YOUR INSTRUCTIONS –
Should a line in the entries below contain "constant", return that line.

Saved data entries
● ● ● ●

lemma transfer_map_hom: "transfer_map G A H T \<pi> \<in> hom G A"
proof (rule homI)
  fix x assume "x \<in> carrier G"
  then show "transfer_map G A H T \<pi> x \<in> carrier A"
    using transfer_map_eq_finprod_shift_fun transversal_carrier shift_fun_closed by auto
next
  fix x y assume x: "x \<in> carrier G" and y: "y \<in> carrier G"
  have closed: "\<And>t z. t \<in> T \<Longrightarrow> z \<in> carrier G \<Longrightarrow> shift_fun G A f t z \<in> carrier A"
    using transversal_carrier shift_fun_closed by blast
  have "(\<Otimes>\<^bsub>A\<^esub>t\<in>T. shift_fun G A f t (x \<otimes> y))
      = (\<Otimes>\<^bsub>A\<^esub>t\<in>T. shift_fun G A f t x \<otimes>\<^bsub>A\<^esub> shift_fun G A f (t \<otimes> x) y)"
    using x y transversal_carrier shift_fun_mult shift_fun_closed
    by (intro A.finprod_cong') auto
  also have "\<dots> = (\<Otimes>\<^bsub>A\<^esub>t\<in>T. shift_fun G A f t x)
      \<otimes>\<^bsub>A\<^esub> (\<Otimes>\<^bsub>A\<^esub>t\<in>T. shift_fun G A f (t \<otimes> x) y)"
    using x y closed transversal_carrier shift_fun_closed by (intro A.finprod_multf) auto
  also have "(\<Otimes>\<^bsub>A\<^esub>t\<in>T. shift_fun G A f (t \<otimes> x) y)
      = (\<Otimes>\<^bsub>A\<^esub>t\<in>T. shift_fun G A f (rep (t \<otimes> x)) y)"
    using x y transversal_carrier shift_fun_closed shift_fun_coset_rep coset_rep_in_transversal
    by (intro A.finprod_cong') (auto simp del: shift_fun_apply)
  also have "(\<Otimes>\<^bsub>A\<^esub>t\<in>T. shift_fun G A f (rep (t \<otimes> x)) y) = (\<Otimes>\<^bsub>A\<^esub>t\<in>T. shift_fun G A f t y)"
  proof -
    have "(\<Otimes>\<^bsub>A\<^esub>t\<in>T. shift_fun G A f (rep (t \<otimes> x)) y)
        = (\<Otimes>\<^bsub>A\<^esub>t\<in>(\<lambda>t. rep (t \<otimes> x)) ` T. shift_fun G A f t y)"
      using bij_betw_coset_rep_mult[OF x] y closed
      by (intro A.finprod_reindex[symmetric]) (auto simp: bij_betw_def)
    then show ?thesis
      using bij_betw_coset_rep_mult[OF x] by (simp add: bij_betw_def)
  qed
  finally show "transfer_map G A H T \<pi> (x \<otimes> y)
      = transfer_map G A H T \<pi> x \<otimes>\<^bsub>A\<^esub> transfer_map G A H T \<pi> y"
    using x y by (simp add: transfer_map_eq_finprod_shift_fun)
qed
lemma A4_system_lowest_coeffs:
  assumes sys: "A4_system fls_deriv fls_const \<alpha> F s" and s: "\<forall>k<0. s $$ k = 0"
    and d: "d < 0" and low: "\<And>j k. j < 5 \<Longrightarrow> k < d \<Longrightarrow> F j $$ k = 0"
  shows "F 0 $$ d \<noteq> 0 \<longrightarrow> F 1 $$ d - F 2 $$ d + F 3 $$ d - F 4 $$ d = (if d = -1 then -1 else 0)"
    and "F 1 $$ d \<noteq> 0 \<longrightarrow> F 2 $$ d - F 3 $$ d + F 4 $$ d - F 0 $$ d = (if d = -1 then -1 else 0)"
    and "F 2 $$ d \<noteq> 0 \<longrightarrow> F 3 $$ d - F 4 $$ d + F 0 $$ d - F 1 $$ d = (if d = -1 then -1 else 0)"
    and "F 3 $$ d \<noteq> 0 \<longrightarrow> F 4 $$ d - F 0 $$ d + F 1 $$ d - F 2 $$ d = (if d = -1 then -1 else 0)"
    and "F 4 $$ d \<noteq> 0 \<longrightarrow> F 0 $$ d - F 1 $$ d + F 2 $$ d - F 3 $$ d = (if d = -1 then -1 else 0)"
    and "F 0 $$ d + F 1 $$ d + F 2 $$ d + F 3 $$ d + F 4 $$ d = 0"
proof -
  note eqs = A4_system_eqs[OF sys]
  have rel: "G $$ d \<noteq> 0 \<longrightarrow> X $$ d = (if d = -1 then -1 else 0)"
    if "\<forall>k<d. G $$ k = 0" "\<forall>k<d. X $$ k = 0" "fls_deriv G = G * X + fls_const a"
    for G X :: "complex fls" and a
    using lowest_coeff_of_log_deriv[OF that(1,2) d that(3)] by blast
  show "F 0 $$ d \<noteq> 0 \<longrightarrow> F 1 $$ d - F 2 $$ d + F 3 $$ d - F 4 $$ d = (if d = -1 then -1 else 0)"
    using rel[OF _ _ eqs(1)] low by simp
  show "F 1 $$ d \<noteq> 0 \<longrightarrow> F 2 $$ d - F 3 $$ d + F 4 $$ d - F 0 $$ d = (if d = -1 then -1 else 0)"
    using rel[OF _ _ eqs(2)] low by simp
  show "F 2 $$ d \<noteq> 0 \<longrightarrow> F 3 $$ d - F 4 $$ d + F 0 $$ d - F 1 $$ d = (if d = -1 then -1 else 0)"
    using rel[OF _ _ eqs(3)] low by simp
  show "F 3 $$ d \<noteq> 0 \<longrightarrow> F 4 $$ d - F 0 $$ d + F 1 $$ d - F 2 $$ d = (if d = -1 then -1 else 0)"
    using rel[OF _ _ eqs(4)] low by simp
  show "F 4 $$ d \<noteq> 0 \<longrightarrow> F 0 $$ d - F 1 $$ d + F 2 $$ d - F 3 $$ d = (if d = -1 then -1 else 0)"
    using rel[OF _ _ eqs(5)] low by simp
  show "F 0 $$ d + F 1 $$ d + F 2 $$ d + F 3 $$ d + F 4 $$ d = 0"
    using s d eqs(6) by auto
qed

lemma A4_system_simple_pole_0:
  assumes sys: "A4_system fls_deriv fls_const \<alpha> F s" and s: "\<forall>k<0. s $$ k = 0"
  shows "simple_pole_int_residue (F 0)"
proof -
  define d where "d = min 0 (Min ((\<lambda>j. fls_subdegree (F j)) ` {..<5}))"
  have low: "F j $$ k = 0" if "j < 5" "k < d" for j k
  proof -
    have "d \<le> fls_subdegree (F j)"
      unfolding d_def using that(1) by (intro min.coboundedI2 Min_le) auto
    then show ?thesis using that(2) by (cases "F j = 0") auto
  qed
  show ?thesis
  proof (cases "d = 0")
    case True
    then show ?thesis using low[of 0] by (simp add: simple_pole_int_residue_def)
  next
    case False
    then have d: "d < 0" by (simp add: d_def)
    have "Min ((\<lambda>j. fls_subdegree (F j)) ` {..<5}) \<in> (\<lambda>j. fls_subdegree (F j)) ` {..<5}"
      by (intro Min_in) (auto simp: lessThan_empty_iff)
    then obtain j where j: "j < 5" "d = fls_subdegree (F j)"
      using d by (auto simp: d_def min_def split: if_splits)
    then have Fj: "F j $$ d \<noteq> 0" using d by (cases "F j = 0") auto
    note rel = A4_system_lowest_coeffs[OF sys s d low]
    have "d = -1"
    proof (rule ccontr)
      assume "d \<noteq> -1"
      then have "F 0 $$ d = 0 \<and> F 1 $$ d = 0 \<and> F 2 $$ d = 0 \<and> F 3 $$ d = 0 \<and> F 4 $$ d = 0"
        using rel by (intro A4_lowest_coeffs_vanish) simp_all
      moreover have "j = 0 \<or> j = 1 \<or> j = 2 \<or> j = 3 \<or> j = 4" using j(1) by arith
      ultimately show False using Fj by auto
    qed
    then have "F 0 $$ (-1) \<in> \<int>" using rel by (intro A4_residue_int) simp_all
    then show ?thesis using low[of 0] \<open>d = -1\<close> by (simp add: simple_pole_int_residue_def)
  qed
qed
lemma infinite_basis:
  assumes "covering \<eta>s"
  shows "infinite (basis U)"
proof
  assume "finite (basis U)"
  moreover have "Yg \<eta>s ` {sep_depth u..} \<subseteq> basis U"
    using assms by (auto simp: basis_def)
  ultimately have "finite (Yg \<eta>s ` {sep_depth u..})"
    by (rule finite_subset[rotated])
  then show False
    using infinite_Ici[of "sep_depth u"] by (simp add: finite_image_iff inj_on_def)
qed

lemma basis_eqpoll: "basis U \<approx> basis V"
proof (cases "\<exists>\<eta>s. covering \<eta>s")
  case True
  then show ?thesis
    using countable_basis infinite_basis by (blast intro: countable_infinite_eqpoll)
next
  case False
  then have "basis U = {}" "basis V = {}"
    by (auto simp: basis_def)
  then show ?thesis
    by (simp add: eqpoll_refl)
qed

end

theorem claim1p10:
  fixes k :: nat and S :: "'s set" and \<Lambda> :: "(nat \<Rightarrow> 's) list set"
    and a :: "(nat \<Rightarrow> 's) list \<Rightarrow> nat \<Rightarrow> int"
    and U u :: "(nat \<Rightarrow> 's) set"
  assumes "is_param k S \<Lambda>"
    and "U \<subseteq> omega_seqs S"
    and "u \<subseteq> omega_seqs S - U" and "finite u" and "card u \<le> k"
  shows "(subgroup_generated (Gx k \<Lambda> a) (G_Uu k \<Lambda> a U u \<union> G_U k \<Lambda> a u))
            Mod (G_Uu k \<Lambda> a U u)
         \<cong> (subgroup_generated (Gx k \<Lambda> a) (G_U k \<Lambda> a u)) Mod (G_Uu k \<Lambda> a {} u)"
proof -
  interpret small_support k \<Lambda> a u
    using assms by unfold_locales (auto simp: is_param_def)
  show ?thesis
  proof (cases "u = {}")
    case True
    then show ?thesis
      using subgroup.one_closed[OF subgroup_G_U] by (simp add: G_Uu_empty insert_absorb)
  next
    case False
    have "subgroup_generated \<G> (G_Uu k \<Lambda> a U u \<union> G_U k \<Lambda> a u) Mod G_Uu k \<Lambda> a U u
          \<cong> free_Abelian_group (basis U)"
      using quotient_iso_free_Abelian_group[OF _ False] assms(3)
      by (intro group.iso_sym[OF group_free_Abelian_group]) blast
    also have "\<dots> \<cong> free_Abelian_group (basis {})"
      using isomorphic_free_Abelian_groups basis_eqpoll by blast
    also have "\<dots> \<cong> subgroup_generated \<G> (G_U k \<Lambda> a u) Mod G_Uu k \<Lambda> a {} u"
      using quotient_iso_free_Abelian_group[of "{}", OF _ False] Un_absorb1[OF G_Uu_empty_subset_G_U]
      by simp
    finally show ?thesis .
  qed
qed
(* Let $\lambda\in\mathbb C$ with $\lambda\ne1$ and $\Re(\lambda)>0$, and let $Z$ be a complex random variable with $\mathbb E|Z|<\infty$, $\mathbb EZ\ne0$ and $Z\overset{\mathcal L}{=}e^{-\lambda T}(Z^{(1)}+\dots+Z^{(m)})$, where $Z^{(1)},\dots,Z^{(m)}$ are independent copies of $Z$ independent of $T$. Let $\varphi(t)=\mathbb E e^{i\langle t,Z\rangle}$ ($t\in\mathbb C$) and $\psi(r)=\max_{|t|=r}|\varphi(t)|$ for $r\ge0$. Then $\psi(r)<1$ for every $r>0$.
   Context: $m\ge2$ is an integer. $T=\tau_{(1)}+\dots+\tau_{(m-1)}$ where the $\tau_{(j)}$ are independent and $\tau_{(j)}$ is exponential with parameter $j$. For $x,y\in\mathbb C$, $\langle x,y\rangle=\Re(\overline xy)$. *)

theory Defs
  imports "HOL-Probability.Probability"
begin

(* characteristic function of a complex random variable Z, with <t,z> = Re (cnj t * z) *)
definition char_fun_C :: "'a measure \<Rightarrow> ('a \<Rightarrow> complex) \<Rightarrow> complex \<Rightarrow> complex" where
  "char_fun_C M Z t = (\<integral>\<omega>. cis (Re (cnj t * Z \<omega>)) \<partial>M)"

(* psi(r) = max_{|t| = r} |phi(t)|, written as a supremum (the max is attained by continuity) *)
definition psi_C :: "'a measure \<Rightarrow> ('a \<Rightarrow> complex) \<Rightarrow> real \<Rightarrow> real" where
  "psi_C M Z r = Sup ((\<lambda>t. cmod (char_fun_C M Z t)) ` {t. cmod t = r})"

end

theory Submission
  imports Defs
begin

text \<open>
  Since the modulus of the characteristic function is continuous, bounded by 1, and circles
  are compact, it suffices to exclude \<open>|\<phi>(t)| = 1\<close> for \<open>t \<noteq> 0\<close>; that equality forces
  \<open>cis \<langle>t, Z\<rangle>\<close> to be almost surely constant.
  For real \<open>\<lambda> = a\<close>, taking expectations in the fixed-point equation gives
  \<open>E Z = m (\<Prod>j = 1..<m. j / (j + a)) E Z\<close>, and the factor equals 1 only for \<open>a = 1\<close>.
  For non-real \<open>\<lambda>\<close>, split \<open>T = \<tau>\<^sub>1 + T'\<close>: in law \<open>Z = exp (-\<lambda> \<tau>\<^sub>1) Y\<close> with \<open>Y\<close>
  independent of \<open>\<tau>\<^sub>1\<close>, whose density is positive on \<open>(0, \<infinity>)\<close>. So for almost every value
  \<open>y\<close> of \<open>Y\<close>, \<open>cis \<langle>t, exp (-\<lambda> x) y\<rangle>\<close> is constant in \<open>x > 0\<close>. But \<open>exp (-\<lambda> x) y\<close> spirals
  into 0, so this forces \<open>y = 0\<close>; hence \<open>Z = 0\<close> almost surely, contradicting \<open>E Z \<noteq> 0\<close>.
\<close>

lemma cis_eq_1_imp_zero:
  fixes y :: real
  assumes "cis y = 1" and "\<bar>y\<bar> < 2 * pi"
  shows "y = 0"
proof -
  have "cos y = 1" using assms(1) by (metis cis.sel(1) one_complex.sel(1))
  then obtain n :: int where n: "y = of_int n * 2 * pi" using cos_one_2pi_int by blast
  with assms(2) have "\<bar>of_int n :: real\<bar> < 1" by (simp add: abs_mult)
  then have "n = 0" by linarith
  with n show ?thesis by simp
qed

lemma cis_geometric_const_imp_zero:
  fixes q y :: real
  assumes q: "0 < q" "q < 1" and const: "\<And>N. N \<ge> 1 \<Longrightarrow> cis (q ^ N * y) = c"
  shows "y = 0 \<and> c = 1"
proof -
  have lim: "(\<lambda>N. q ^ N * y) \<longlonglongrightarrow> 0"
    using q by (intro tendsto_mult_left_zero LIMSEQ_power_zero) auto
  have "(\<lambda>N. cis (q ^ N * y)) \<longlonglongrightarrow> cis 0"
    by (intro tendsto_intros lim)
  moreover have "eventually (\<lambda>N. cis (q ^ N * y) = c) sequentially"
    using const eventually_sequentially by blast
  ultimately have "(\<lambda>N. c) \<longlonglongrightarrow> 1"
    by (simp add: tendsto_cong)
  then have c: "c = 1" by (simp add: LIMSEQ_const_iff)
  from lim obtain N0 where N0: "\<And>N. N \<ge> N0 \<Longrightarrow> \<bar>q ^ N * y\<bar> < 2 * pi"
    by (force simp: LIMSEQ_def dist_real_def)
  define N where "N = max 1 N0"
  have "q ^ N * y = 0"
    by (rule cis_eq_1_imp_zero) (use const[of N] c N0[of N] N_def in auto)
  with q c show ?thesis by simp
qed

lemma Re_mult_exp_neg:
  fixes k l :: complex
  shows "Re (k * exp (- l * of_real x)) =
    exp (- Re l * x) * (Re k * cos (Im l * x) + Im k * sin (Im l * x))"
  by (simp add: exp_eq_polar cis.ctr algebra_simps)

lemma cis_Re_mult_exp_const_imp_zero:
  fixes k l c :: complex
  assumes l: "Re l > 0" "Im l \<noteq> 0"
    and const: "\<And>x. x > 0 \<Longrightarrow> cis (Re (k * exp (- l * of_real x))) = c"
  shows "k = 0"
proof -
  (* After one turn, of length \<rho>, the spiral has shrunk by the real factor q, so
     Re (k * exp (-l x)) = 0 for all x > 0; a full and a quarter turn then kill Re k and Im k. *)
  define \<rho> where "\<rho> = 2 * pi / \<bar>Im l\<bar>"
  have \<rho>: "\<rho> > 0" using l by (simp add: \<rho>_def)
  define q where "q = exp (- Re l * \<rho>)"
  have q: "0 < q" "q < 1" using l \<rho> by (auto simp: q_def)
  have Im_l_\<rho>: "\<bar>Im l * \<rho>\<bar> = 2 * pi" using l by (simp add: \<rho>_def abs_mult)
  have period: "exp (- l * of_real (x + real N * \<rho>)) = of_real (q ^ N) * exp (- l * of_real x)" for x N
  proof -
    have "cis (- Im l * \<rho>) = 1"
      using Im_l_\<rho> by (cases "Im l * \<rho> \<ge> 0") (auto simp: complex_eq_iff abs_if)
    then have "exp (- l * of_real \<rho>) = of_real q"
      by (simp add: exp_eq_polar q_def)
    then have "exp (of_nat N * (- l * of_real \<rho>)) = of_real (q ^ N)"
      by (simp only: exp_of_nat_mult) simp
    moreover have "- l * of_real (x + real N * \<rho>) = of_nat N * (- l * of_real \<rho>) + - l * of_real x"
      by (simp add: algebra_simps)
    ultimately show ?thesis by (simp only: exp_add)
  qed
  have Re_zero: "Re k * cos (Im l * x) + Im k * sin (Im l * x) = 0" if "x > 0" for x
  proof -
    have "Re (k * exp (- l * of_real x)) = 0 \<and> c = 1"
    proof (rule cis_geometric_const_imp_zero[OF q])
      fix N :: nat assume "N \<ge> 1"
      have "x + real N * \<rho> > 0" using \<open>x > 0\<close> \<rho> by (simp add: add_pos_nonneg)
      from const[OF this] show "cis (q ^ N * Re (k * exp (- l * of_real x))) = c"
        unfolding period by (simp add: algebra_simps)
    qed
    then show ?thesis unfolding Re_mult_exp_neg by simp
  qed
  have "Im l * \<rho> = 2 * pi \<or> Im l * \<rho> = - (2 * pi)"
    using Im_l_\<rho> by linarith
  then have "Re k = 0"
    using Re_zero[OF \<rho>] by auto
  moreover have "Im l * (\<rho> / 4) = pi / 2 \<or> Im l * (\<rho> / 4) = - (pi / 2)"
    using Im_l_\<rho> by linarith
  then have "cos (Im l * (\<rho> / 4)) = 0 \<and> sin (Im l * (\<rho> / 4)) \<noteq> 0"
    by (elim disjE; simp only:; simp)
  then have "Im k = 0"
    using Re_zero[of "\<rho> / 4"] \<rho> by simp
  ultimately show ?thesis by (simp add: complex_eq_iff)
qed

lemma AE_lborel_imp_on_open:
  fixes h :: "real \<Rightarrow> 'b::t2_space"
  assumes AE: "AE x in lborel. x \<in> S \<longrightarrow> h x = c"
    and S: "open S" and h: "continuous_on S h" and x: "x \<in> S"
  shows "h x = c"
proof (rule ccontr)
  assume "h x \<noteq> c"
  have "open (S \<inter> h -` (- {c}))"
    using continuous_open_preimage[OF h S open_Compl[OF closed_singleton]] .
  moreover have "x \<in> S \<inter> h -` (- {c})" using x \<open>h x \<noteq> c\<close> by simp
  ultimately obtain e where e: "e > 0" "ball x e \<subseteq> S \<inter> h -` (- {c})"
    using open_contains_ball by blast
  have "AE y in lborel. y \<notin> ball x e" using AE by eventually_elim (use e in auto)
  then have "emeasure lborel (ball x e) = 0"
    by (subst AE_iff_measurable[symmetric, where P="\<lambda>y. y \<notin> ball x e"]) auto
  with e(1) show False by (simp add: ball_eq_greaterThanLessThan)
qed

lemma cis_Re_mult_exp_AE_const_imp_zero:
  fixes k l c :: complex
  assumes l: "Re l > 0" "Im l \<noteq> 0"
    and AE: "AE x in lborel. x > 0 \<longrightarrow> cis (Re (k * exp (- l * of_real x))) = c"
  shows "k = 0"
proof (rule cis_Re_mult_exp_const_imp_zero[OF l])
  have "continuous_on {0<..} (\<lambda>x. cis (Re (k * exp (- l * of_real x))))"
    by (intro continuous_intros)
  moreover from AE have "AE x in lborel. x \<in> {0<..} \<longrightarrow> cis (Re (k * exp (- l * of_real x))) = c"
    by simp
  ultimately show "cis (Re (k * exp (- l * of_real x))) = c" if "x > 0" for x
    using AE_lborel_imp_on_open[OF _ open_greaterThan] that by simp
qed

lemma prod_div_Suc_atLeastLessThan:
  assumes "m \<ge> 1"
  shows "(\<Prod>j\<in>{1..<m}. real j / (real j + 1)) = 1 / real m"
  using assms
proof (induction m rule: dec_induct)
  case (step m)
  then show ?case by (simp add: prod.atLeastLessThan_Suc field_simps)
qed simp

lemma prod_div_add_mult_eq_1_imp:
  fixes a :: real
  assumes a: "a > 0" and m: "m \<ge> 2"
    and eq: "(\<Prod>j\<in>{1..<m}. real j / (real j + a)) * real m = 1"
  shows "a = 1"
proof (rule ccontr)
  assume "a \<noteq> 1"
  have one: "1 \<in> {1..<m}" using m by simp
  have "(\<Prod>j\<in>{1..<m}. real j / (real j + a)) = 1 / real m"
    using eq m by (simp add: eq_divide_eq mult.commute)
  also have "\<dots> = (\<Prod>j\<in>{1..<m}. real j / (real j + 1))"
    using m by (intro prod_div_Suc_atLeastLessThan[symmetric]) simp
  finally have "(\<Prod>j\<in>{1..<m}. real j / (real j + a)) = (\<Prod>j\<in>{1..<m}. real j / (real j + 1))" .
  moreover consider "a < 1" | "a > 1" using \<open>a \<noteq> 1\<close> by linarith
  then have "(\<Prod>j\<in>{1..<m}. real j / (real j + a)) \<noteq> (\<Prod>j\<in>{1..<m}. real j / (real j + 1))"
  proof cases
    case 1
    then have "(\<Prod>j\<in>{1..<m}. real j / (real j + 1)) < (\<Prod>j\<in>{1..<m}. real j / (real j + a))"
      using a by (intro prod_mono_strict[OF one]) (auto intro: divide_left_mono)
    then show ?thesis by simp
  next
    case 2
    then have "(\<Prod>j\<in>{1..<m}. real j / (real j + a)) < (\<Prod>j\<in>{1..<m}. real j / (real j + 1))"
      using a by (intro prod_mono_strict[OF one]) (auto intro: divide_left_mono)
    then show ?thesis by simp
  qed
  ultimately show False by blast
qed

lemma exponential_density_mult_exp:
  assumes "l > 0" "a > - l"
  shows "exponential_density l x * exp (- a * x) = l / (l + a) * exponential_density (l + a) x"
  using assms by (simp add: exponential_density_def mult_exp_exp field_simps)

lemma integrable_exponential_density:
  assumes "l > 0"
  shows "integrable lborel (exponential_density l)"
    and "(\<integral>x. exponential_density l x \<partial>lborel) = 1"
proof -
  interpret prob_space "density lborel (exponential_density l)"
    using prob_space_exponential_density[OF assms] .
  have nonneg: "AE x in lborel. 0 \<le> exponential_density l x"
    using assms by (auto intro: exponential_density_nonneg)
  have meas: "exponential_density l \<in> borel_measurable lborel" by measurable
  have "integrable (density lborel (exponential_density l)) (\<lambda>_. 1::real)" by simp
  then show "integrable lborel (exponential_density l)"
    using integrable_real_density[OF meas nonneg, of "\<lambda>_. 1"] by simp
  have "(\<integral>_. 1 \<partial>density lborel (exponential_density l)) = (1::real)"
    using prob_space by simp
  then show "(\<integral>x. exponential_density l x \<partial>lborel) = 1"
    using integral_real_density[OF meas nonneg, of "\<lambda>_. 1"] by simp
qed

● ● ● ●

YOUR RESPONSE –
  \<open>cis \<langle>t, Z\<rangle>\<close> to be almost surely constant.
  \<open>y\<close> of \<open>Y\<close>, \<open>cis \<langle>t, exp (-\<lambda> x) y\<rangle>\<close> is constant in \<open>x > 0\<close>. But \<open>exp (-\<lambda> x) y\<close> spirals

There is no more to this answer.